* _Problem requirements_
Your answer should consist of all lines in the listing that hold the word "real".

(Source records Opens)

(* Let $n\ge1$, $s\in(0,1)$, $\Omega\subset\mathbb{R}^n$ open bounded with Lipschitz boundary, $K$ a measurable symmetric kernel with $\frac{c\,\chi_{[0,\varrho)}(|x-z|)}{|x-z|^{n+2s}}\le K(x,z)\le\frac{C}{|x-z|^{n+2s}}$ for some $c,C>0$, $\varrho\in(0,+\infty]$. Let $h:\mathbb{R}\to\mathbb{R}$ be continuous, odd and strictly increasing, $\mathcal H(t):=\int_0^th(\tau)d\tau$, $\eta\in L^\infty(\Omega)$ with $\eta\ge0$, $\zeta\in L^2(\Omega)$, and let $J:H^s_0(\Omega)\to\mathbb{R}\cup\{+\infty\}$ be $$J(u)=\frac14\iint_{\mathbb{R}^n\times\mathbb{R}^n}|u(x)-u(z)|^2K(x,z)\,dx\,dz+\int_\Omega\eta\,\mathcal H(u)\,dx-\int_\Omega\zeta u\,dx\quad\text{if }\eta\,(\mathcal H\circ u)\in L^1(\Omega),$$ and $J(u)=+\infty$ otherwise. Then $J$ is weakly lower semicontinuous in $H^s_0(\Omega)$: for every sequence $u_k\in H^s_0(\Omega)$ converging weakly in $H^s_0(\Omega)$ to $u$, $\liminf_{k\to+\infty}J(u_k)\ge J(u)$.
   Context: $H^s_0(\Omega)=\{u\in H^s(\mathbb{R}^n):u=0\text{ a.e. outside }\Omega\}$, normed by $[u]_s=\left(c_{n,s}\iint\frac{|u(x)-u(y)|^2}{|x-y|^{n+2s}}dx\,dy\right)^{1/2}$ with $c_{n,s}=\frac{2^{2s}\Gamma\left(\frac{n+2s}{2}\right)}{\pi^{n/2}\Gamma(2-s)}s(1-s)$. *)

theory Defs
  imports "HOL-Analysis.Analysis"
begin

definition lipschitz_boundary :: "(real ^ 'n) set \<Rightarrow> bool" where
  "lipschitz_boundary \<Omega> \<longleftrightarrow>
    (\<forall>x0 \<in> frontier \<Omega>. \<exists>r > 0. \<exists>e :: real ^ 'n. \<exists>g :: real ^ 'n \<Rightarrow> real. \<exists>L.
        norm e = 1 \<and> L-lipschitz_on {y. y \<bullet> e = 0} g \<and>
        ball x0 r \<inter> \<Omega> = {x \<in> ball x0 r. x \<bullet> e > g (x - (x \<bullet> e) *\<^sub>R e)})"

(Source records Closes)

* _Task response_
definition lipschitz_boundary :: "(real ^ 'n) set \<Rightarrow> bool" where
    (\<forall>x0 \<in> frontier \<Omega>. \<exists>r > 0. \<exists>e :: real ^ 'n. \<exists>g :: real ^ 'n \<Rightarrow> real. \<exists>L.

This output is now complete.